Pondero que a natureza da maioria dos aspectos reprováveis apontados são de cunho federativo. O que vem a ser justamente a especialidade da “Casa da Federação”, o Senado Federal, ao qual a proposta de emenda constitucional foi encaminhada e que tem conhecimento e vocação institucional para corrigi-lo.

Café com Leite e Biscoito de Polvilho

O texto prevê que o Conselho Federativo, um órgão com poderes superlativos inéditos, que irá regulamentar, interpretar e arrecadar o IBS para estados e municípios, terá 54 membros, sendo 27 membros representantes dos estados e 27 dos municípios, incluso o Distrito Federal em cada um deles.
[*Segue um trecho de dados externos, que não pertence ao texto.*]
(* Let $K^2$ be the Klein bottle, with $\pi_1(K^2)\cong\langle a,b\mid aba^{-1}=b^{-1}\rangle$, and let $\rho:\pi_1(K^2)\to\mathrm{SL}_2(\mathbb C)$ be a representation. Then, up to conjugation, exactly one of the following holds: (1) $\rho(b)=\pm I$ and $\rho(a)$ is arbitrary; (2) $\rho(b)=\pm\begin{pmatrix}\lambda&0\\0&\lambda^{-1}\end{pmatrix}$ with $\lambda\neq\pm1$ and $\rho(a)=\pm\begin{pmatrix}0&1\\-1&0\end{pmatrix}$; (3) $\rho(b)=\pm\begin{pmatrix}1&1\\0&1\end{pmatrix}$ and $\rho(a)=\pm\begin{pmatrix}i&0\\0&-i\end{pmatrix}$. *)

theory Defs
  imports "HOL-Analysis.Analysis"
begin

definition mat2 :: "complex \<Rightarrow> complex \<Rightarrow> complex \<Rightarrow> complex \<Rightarrow> complex^2^2" where
  "mat2 a b c d = (\<chi> i j. if i = 1 then (if j = 1 then a else b) else (if j = 1 then c else d))"

definition conjm :: "complex^2^2 \<Rightarrow> complex^2^2 \<Rightarrow> complex^2^2" where
  "conjm P M = P ** M ** matrix_inv P"

text \<open>The three normal forms for a pair (rho(a), rho(b)) = (A, B).\<close>
definition kb_case1 :: "complex^2^2 \<Rightarrow> complex^2^2 \<Rightarrow> bool" where
  "kb_case1 A B \<longleftrightarrow> (B = mat 1 \<or> B = - mat 1)"

definition kb_case2 :: "complex^2^2 \<Rightarrow> complex^2^2 \<Rightarrow> bool" where
  "kb_case2 A B \<longleftrightarrow> (\<exists>l. l \<noteq> 0 \<and> l \<noteq> 1 \<and> l \<noteq> -1 \<and>
      (B = mat2 l 0 0 (inverse l) \<or> B = - mat2 l 0 0 (inverse l)) \<and>
      (A = mat2 0 1 (-1) 0 \<or> A = - mat2 0 1 (-1) 0))"

definition kb_case3 :: "complex^2^2 \<Rightarrow> complex^2^2 \<Rightarrow> bool" where
  "kb_case3 A B \<longleftrightarrow>
      (B = mat2 1 1 0 1 \<or> B = - mat2 1 1 0 1) \<and>
      (A = mat2 \<i> 0 0 (-\<i>) \<or> A = - mat2 \<i> 0 0 (-\<i>))"

definition up_to_conj :: "(complex^2^2 \<Rightarrow> complex^2^2 \<Rightarrow> bool) \<Rightarrow> complex^2^2 \<Rightarrow> complex^2^2 \<Rightarrow> bool" where
  "up_to_conj C A B \<longleftrightarrow> (\<exists>P. invertible P \<and> C (conjm P A) (conjm P B))"

end

theory Submission
  imports Defs
begin

(* Being +-I and the square of the trace are conjugation invariants of rho(b) that separate
   the three normal forms.  For existence, rho(b) is conjugated to upper triangular form and the
   Klein bottle relation is used in the inverse-free shape b a b = a.  If the eigenvalues of rho(b)
   differ, rho(b) is diagonalizable and the relation forces rho(a) to be antidiagonal; otherwise
   rho(b) is +-I or conjugate to +-[[1,1],[0,1]], and then the relation forces rho(a) to be upper
   triangular with eigenvalues +-i.  A last conjugation commuting with rho(b), diagonal resp.
   unipotent, brings rho(a) to its normal form. *)

lemma matrix_inv_unique:
  fixes A X :: "'a::field^'n^'n"
  assumes "A ** X = mat 1"
  shows "matrix_inv A = X"
proof -
  have "X ** A = mat 1"
    using assms matrix_left_right_inverse by blast
  with assms have "matrix_inv A ** A = mat 1"
    unfolding matrix_inv_def by (metis (mono_tags, lifting) someI)
  then show ?thesis
    by (metis assms matrix_mul_assoc matrix_mul_lid matrix_mul_rid)
qed

lemma matrix_inv_right:
  fixes A :: "'a::field^'n^'n"
  assumes "invertible A"
  shows "A ** matrix_inv A = mat 1"
  using assms matrix_inv_unique unfolding invertible_def by metis

lemma matrix_inv_left:
  fixes A :: "'a::field^'n^'n"
  assumes "invertible A"
  shows "matrix_inv A ** A = mat 1"
  using matrix_inv_right[OF assms] matrix_left_right_inverse by blast

lemma matrix_inv_mul:
  fixes A B :: "'a::field^'n^'n"
  assumes "invertible A" "invertible B"
  shows "matrix_inv (A ** B) = matrix_inv B ** matrix_inv A"
proof (rule matrix_inv_unique)
  have "A ** B ** (matrix_inv B ** matrix_inv A) = A ** (B ** matrix_inv B) ** matrix_inv A"
    by (simp add: matrix_mul_assoc)
  then show "A ** B ** (matrix_inv B ** matrix_inv A) = mat 1"
    by (simp add: matrix_inv_right assms)
qed

lemma matrix_mul_mat_commute:
  fixes A :: "'a::comm_semiring_1^'n^'n"
  shows "A ** mat k = mat k ** A"
  by (simp add: matrix_matrix_mult_def mat_def vec_eq_iff if_distrib if_distribR mult.commute
      cong: if_cong)

lemma invertible_mat_1: "invertible (mat 1 :: 'a::semiring_1^'n^'n)"
  unfolding invertible_def by (metis matrix_mul_lid)

lemma uminus_mat: "- mat k = (mat (- k) :: 'a::ring_1^'n^'n)"
  by (simp add: mat_def vec_eq_iff)

lemma conjm_eqI:
  assumes "invertible P" "P ** M = X ** P"
  shows "conjm P M = X"
proof -
  have "conjm P M = X ** (P ** matrix_inv P)"
    unfolding conjm_def using assms(2) by (simp add: matrix_mul_assoc)
  then show ?thesis
    by (simp add: matrix_inv_right assms(1))
qed

lemma conjm_conjm:
  assumes "invertible P" "invertible Q"
  shows "conjm Q (conjm P M) = conjm (Q ** P) M"
  unfolding conjm_def by (simp add: matrix_inv_mul assms matrix_mul_assoc)

lemma conjm_mul:
  assumes "invertible P"
  shows "conjm P (M ** N) = conjm P M ** conjm P N"
proof -
  have "conjm P M ** conjm P N = P ** M ** (matrix_inv P ** P) ** N ** matrix_inv P"
    unfolding conjm_def by (simp add: matrix_mul_assoc)
  then show ?thesis
    unfolding conjm_def by (simp add: matrix_inv_left assms matrix_mul_assoc)
qed

lemma det_conjm:
  assumes "invertible P"
  shows "det (conjm P M) = det M"
proof -
  have "det P * det (matrix_inv P) = 1"
    using matrix_inv_right[OF assms] by (metis det_mul det_I)
  then show ?thesis
    unfolding conjm_def by (simp add: det_mul)
qed

lemma trace_conjm:
  assumes "invertible P"
  shows "trace (conjm P M) = trace M"
proof -
  have "trace (conjm P M) = trace (matrix_inv P ** (P ** M))"
    unfolding conjm_def by (rule trace_mul_sym)
  also have "\<dots> = trace M"
    by (simp add: matrix_mul_assoc matrix_inv_left assms)
  finally show ?thesis .
qed

lemma conjm_eq_mat_iff:
  assumes "invertible P"
  shows "conjm P M = mat k \<longleftrightarrow> M = mat k"
proof
  assume "conjm P M = mat k"
  then have "P ** M = mat k ** P"
    using assms unfolding conjm_def
    by (metis matrix_inv_left matrix_mul_assoc matrix_mul_rid)
  then have "matrix_inv P ** P ** M = matrix_inv P ** P ** mat k"
    by (metis matrix_mul_assoc matrix_mul_mat_commute)
  then show "M = mat k"
    by (simp add: matrix_inv_left assms)
next
  assume "M = mat k"
  then show "conjm P M = mat k"
    using assms conjm_eqI matrix_mul_mat_commute by blast
qed

lemma conjm_scalar_iff:
  assumes "invertible P"
  shows "(conjm P M = mat 1 \<or> conjm P M = - mat 1) \<longleftrightarrow> (M = mat 1 \<or> M = - mat 1)"
  by (simp add: uminus_mat conjm_eq_mat_iff assms)

lemma up_to_conj_conjmD:
  assumes "invertible P" "up_to_conj C (conjm P A) (conjm P B)"
  shows "up_to_conj C A B"
  using assms unfolding up_to_conj_def by (metis conjm_conjm invertible_mult)

lemma mat2_cases:
  obtains a b c d where "M = mat2 a b c d"
proof
  show "M = mat2 (M$1$1) (M$1$2) (M$2$1) (M$2$2)"
    unfolding mat2_def by (simp add: vec_eq_iff forall_2)
qed

lemma mat2_eq_iff: "mat2 a b c d = mat2 a' b' c' d' \<longleftrightarrow> a = a' \<and> b = b' \<and> c = c' \<and> d = d'"
  unfolding mat2_def by (auto simp: vec_eq_iff forall_2)

lemma mat2_mult:
  "mat2 a b c d ** mat2 a' b' c' d' = mat2 (a*a' + b*c') (a*b' + b*d') (c*a' + d*c') (c*b' + d*d')"
  unfolding mat2_def by (simp add: vec_eq_iff forall_2 matrix_matrix_mult_def sum_2)

lemma mat_eq_mat2: "(mat k :: complex^2^2) = mat2 k 0 0 k"
  unfolding mat2_def by (simp add: vec_eq_iff forall_2 mat_def)

lemma uminus_mat2: "- mat2 a b c d = mat2 (-a) (-b) (-c) (-d)"
  unfolding mat2_def by (simp add: vec_eq_iff forall_2)

lemma det_mat2: "det (mat2 a b c d) = a*d - b*c"
  by (simp add: det_2 mat2_def)

lemma trace_mat2: "trace (mat2 a b c d) = a + d"
  by (simp add: trace_def sum_2 mat2_def)

lemma invertible_mat2_iff: "invertible (mat2 a b c d) \<longleftrightarrow> a*d - b*c \<noteq> 0"
  by (simp add: invertible_det_nz det_mat2)

lemma triangularizable:
  fixes B :: "complex^2^2"
  obtains P l x m where "invertible P" "conjm P B = mat2 l x 0 m"
proof -
  obtain a b c d where B: "B = mat2 a b c d"
    by (rule mat2_cases)
  show ?thesis
  proof (cases "c = 0")
    case True
    have "conjm (mat 1) B = mat2 a b 0 d"
      using B True by (intro conjm_eqI invertible_mat_1) simp
    then show ?thesis
      using that invertible_mat_1 by blast
  next
    case False
    obtain s where s: "s\<^sup>2 = (a + d)\<^sup>2 - 4 * (a*d - b*c)"
      using power2_csqrt by blast
    define l where "l = (a + d + s) / 2"
    have eigen: "l*l - (a + d)*l + (a*d - b*c) = 0"
      unfolding l_def by (simp add: field_simps power2_eq_square s[unfolded power2_eq_square])
    \<comment> \<open>The columns of the inverse of P are the eigenvector (l - d, c) and (1, 0).\<close>
    define P where "P = mat2 0 (1/c) 1 ((d - l)/c)"
    have "invertible P"
      using False by (simp add: P_def invertible_mat2_iff)
    moreover have "conjm P B = mat2 l 1 0 (a + d - l)"
      using \<open>invertible P\<close> by (rule conjm_eqI)
        (use False eigen in \<open>simp add: P_def B mat2_mult mat2_eq_iff field_simps\<close>)
    ultimately show ?thesis
      using that by blast
  qed
qed

section \<open>Conjugation invariants of the normal forms\<close>

lemma up_to_conj_kb_case1_iff: "up_to_conj kb_case1 A B \<longleftrightarrow> B = mat 1 \<or> B = - mat 1"
proof
  assume "up_to_conj kb_case1 A B"
  then show "B = mat 1 \<or> B = - mat 1"
    unfolding up_to_conj_def kb_case1_def using conjm_scalar_iff by blast
next
  assume "B = mat 1 \<or> B = - mat 1"
  then show "up_to_conj kb_case1 A B"
    unfolding up_to_conj_def kb_case1_def using conjm_scalar_iff invertible_mat_1 by blast
qed

lemma up_to_conj_kb_case2_invariants:
  assumes "up_to_conj kb_case2 A B"
  shows "\<not> (B = mat 1 \<or> B = - mat 1)" "(trace B)\<^sup>2 \<noteq> 4"
proof -
  obtain P l where P: "invertible P" and l: "l \<noteq> 0" "l \<noteq> 1" "l \<noteq> -1"
    and PB: "conjm P B = mat2 l 0 0 (inverse l) \<or> conjm P B = - mat2 l 0 0 (inverse l)"
    using assms unfolding up_to_conj_def kb_case2_def by blast
  show "\<not> (B = mat 1 \<or> B = - mat 1)"
    using PB l conjm_scalar_iff[OF P, of B]
    by (auto simp: mat_eq_mat2 uminus_mat2 mat2_eq_iff minus_equation_iff)
  have "trace B = l + inverse l \<or> trace B = - (l + inverse l)"
    using PB trace_conjm[OF P, of B] by (auto simp: trace_mat2 uminus_mat2)
  then have "(trace B)\<^sup>2 = (l + inverse l)\<^sup>2"
    by (metis power2_minus)
  moreover have "(l + inverse l)\<^sup>2 - 4 = (l - inverse l)\<^sup>2"
    using l by (simp add: power2_eq_square field_simps)
  moreover have "l - inverse l \<noteq> 0"
    using l by (auto simp: field_simps square_eq_1_iff)
  ultimately show "(trace B)\<^sup>2 \<noteq> 4"
    by auto
qed

lemma up_to_conj_kb_case3_invariants:
  assumes "up_to_conj kb_case3 A B"
  shows "\<not> (B = mat 1 \<or> B = - mat 1)" "(trace B)\<^sup>2 = 4"
proof -
  obtain P where P: "invertible P"
    and PB: "conjm P B = mat2 1 1 0 1 \<or> conjm P B = - mat2 1 1 0 1"
    using assms unfolding up_to_conj_def kb_case3_def by blast
  show "\<not> (B = mat 1 \<or> B = - mat 1)"
    using PB conjm_scalar_iff[OF P, of B] by (auto simp: mat_eq_mat2 uminus_mat2 mat2_eq_iff)
  show "(trace B)\<^sup>2 = 4"
    using PB trace_conjm[OF P, of B] by (auto simp: trace_mat2 uminus_mat2)
qed

section \<open>The Klein bottle relation\<close>

definition klein_rep :: "complex^2^2 \<Rightarrow> complex^2^2 \<Rightarrow> bool" where
  "klein_rep A B \<longleftrightarrow> det A = 1 \<and> det B = 1 \<and> B ** A ** B = A"

lemma klein_repI:
  assumes "det A = 1" "det B = 1" "A ** B ** matrix_inv A = matrix_inv B"
  shows "klein_rep A B"
proof -
  have A: "invertible A" and B: "invertible B"
    using assms(1,2) by (simp_all add: invertible_det_nz)
  have "B ** A ** B = B ** (A ** B ** matrix_inv A) ** A"
    by (simp add: matrix_mul_assoc[symmetric] matrix_inv_left[OF A])
  also have "\<dots> = A"
    by (simp add: assms(3) matrix_mul_assoc matrix_inv_right[OF B])
  finally show ?thesis
    using assms(1,2) unfolding klein_rep_def by blast
qed

lemma klein_rep_conjm:
  assumes "klein_rep A B" "invertible P"
  shows "klein_rep (conjm P A) (conjm P B)"
  using assms unfolding klein_rep_def by (simp add: det_conjm conjm_mul[symmetric])

lemma klein_rep_mat2:
  "klein_rep (mat2 p q r u) (mat2 a b c d) \<longleftrightarrow>
     p*u - q*r = 1 \<and> a*d - b*c = 1 \<and>
     mat2 a b c d ** mat2 p q r u ** mat2 a b c d = mat2 p q r u"
  unfolding klein_rep_def by (simp add: det_mat2)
No corte municipal, serão 14 membros eleitos com base nos votos igualitários dos entes e 13 com base nos votos ponderados pelas respectivas populações.

E aí começam os problemas. Por que essa configuração? Não haverá municipalidades de todos os estados? Por que não adotar um município de cada estado brasileiro (já que se previu o número de 27 justamente para isso) e um eventual revezamento entre mais e menos populosos na composição das futuras chapas representativas que preveriam um blend destes? Os mais populosos são os em menor número e, coincidentemente, os mais ricos. A Constituição suporta representação federativa com discriminação de viés negativo?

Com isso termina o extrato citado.